**Problem statement:**
For each line below that holds "dots", return the line as it stands.

+---+

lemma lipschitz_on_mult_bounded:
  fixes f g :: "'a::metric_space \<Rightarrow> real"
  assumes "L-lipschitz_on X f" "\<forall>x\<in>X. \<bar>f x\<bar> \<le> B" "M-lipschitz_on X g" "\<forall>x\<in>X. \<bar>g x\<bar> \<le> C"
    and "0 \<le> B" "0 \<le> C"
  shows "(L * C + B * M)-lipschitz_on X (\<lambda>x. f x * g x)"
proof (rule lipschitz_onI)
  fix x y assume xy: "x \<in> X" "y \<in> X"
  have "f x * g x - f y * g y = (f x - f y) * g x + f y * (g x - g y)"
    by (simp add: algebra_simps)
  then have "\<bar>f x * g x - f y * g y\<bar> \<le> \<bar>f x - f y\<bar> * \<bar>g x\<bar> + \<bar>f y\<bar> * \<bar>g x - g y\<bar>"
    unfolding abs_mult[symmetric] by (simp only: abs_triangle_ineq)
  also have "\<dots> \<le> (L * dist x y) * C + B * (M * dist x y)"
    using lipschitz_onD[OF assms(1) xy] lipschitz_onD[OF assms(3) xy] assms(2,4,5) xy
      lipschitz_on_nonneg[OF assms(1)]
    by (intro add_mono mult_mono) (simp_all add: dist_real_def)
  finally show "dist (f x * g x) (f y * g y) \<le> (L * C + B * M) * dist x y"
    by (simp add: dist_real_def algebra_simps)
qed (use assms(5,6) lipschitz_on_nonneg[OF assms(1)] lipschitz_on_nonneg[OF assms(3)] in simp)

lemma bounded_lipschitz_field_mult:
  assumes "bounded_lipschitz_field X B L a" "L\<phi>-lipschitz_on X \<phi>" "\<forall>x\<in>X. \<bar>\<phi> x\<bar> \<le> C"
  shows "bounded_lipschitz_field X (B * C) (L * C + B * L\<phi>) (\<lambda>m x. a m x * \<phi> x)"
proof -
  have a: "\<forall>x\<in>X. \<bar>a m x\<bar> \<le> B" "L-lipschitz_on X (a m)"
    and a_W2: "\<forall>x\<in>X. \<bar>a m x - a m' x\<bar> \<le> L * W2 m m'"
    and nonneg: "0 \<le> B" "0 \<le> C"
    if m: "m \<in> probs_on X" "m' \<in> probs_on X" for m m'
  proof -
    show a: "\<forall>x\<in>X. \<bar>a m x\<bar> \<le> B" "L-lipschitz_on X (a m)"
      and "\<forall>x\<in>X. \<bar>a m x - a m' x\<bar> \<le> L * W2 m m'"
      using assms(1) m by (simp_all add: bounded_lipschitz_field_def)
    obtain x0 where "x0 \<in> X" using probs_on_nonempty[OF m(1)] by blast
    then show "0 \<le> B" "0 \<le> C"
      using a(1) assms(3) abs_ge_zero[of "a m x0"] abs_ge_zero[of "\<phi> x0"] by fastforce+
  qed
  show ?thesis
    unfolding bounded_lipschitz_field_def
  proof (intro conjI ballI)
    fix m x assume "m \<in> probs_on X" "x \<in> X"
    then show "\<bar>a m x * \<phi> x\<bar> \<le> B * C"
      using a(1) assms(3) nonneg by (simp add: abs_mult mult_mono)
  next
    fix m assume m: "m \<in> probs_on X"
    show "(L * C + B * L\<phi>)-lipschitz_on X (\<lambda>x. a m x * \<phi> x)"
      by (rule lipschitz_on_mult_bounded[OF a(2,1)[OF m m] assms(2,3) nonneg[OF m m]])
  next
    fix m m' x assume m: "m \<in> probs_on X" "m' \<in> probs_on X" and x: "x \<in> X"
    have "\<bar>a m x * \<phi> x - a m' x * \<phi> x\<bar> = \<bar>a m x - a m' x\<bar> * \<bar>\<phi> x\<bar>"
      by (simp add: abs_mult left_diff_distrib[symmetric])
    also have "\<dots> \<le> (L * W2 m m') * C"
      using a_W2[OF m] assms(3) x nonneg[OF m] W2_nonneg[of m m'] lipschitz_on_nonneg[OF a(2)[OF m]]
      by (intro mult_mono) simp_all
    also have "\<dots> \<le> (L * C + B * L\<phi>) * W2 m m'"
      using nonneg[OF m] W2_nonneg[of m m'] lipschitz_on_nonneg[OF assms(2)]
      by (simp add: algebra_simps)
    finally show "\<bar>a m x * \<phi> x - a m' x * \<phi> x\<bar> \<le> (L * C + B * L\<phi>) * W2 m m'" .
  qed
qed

+---+

**Answer space:**
  also have "\<dots> \<le> (L * dist x y) * C + B * (M * dist x y)"
    also have "\<dots> \<le> (L * W2 m m') * C"
    also have "\<dots> \<le> (L * C + B * L\<phi>) * W2 m m'"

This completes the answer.